INTRODUCTION: Although the benefits of doula care during childbirth are well-known, its impact on childbirth-related post-traumatic stress disorder (CB-PTSD) symptoms are less thoroughly characterized. This study aimed to explore the association between doula care and CB-PTSD symptoms and the potential mediating role of childbirth experience on this association. METHODS: A prospective cohort study was conducted in a hospital in China, enrolling women with singleton live vaginal births.
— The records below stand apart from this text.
lemma loc_rel_iff:
  "((a, s), (b, t)) \<in> loc_rel R S \<longleftrightarrow> a \<in> carrier R \<and> s \<in> S \<and> b \<in> carrier R \<and> t \<in> S \<and>
     (\<exists>u\<in>S. u \<otimes> (a \<otimes> t \<ominus> b \<otimes> s) = \<zero>)"
  by (simp add: loc_rel_def)

lemma trans_loc_rel: "trans (loc_rel R S)"
proof (rule transI)
  fix x y z assume "(x, y) \<in> loc_rel R S" "(y, z) \<in> loc_rel R S"
  then obtain a s b t c r u v where xyz: "x = (a, s)" "y = (b, t)" "z = (c, r)"
    and h: "a \<in> carrier R" "b \<in> carrier R" "c \<in> carrier R"
    "s \<in> S" "t \<in> S" "r \<in> S" "u \<in> S" "v \<in> S"
    "u \<otimes> (a \<otimes> t \<ominus> b \<otimes> s) = \<zero>" "v \<otimes> (b \<otimes> r \<ominus> c \<otimes> t) = \<zero>"
    by (cases x, cases y, cases z) (auto simp: loc_rel_iff)
  have "(u \<otimes> v \<otimes> t) \<otimes> (a \<otimes> r \<ominus> c \<otimes> s)
      = (v \<otimes> r) \<otimes> (u \<otimes> (a \<otimes> t \<ominus> b \<otimes> s)) \<oplus> (u \<otimes> s) \<otimes> (v \<otimes> (b \<otimes> r \<ominus> c \<otimes> t))"
    using h(1-3) h(4-8)[THEN mem_carrier] by algebra
  also have "\<dots> = \<zero>"
    using h by simp
  finally show "(x, z) \<in> loc_rel R S"
    using xyz h by (auto simp: loc_rel_iff intro!: bexI[of _ "u \<otimes> v \<otimes> t"] mult_mem)
qed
The exposure and primary outcome factors of interest were doula care and CB-PTSD symptoms, with childbirth experience as a mediating factor. Questionnaires were administered to collect baseline data and childbirth experience at 3 days postpartum, and CB-PTSD symptoms from participants at 42 days postpartum. Linear regression analysis was used to analyze the relationship between doula care, childbirth experience, and CB-PTSD symptoms, while the mediating role of childbirth experience was analyzed using the SPSS (PROCESS) modeling tool. RESULTS: A total of 445 eligible women were included in the final analysis, including 120 who received doula care and 325 who did not. Linear regression analyses found that doula care was independently associated with CB-PTSD symptoms (beta = -0.11, p < 0.05) and childbirth experience (beta = 0.50, p < 0.001). Childbirth experience was significantly associated with CB-PTSD symptoms (beta = -0.17, p < 0.001). Childbirth experience mediated the association between doula care and CB-PTSD symptoms (indirect effect = -1.08, 95% CI -1.91 to -0.10), even after adjusting for potential confounders. CONCLUSIONS: Childbirth experience serves as a mediator of the association between doula care and CB-PTSD symptoms. By providing supportive care for women during childbirth, their childbirth experience could be improved, thereby reducing the risk of CB-PTSD symptoms.